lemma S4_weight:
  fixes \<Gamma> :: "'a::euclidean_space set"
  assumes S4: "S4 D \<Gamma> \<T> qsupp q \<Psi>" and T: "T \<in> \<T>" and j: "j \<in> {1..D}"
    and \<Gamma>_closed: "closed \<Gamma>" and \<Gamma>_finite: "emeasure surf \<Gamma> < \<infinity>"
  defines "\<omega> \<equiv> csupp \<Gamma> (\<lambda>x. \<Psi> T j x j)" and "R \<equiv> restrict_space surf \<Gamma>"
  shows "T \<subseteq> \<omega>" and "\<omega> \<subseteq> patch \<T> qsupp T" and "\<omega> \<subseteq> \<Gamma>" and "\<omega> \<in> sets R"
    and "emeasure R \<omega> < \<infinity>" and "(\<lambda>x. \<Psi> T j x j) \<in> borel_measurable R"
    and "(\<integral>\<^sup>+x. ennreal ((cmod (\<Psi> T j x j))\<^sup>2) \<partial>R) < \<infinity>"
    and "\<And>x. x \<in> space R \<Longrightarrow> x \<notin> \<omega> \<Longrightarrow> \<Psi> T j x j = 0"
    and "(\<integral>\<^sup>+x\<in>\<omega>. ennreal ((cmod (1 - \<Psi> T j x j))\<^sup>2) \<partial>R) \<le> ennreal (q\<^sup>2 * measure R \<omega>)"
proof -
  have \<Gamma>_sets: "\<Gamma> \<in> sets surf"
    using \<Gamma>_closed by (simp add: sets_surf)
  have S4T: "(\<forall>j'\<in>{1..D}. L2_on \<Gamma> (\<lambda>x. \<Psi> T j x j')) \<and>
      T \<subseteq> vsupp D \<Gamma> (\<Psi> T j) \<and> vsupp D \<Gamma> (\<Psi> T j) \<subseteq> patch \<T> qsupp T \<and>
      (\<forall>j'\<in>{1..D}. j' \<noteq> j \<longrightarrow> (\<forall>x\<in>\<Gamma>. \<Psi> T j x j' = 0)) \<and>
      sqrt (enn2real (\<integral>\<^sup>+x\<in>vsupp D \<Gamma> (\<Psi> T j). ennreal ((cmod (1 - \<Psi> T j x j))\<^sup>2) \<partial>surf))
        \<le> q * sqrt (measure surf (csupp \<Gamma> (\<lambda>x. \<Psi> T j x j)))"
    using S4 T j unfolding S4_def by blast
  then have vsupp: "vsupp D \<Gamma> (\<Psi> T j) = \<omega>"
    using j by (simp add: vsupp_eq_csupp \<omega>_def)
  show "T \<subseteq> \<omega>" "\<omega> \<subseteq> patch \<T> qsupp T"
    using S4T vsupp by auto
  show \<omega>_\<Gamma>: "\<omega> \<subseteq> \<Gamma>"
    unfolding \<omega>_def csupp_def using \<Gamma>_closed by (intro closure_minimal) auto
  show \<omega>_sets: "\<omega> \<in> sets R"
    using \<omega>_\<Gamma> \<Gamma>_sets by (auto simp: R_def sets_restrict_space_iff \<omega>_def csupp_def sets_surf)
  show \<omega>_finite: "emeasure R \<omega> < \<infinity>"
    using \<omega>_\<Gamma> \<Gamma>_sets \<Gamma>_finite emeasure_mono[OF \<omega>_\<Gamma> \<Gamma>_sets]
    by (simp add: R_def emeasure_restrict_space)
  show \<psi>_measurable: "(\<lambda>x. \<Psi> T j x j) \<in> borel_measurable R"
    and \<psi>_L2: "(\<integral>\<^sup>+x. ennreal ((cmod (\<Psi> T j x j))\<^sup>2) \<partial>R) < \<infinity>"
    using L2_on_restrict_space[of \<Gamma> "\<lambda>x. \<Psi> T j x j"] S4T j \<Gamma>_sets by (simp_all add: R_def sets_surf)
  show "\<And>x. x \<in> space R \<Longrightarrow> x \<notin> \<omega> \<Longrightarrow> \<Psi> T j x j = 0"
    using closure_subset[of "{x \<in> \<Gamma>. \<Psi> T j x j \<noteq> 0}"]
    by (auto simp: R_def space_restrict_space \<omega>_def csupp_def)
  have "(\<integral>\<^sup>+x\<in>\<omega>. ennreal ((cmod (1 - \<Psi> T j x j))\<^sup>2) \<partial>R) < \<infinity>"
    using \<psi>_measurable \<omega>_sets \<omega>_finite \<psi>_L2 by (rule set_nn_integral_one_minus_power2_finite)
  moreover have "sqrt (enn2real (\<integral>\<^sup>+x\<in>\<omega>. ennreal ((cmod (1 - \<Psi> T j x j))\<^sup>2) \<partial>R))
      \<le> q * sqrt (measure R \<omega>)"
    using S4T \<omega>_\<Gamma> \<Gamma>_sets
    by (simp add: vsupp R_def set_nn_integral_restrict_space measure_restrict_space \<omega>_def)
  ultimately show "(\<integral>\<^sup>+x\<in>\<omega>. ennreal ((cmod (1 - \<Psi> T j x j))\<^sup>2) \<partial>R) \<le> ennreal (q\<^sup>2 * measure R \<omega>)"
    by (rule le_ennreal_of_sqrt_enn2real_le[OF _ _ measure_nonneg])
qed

Your objective:
With "auto" as the string to find, copy every line of the records that holds it.

Solution to this exercise:
    using S4T vsupp by auto
    unfolding \<omega>_def csupp_def using \<Gamma>_closed by (intro closure_minimal) auto
    using \<omega>_\<Gamma> \<Gamma>_sets by (auto simp: R_def sets_restrict_space_iff \<omega>_def csupp_def sets_surf)
    by (auto simp: R_def space_restrict_space \<omega>_def csupp_def)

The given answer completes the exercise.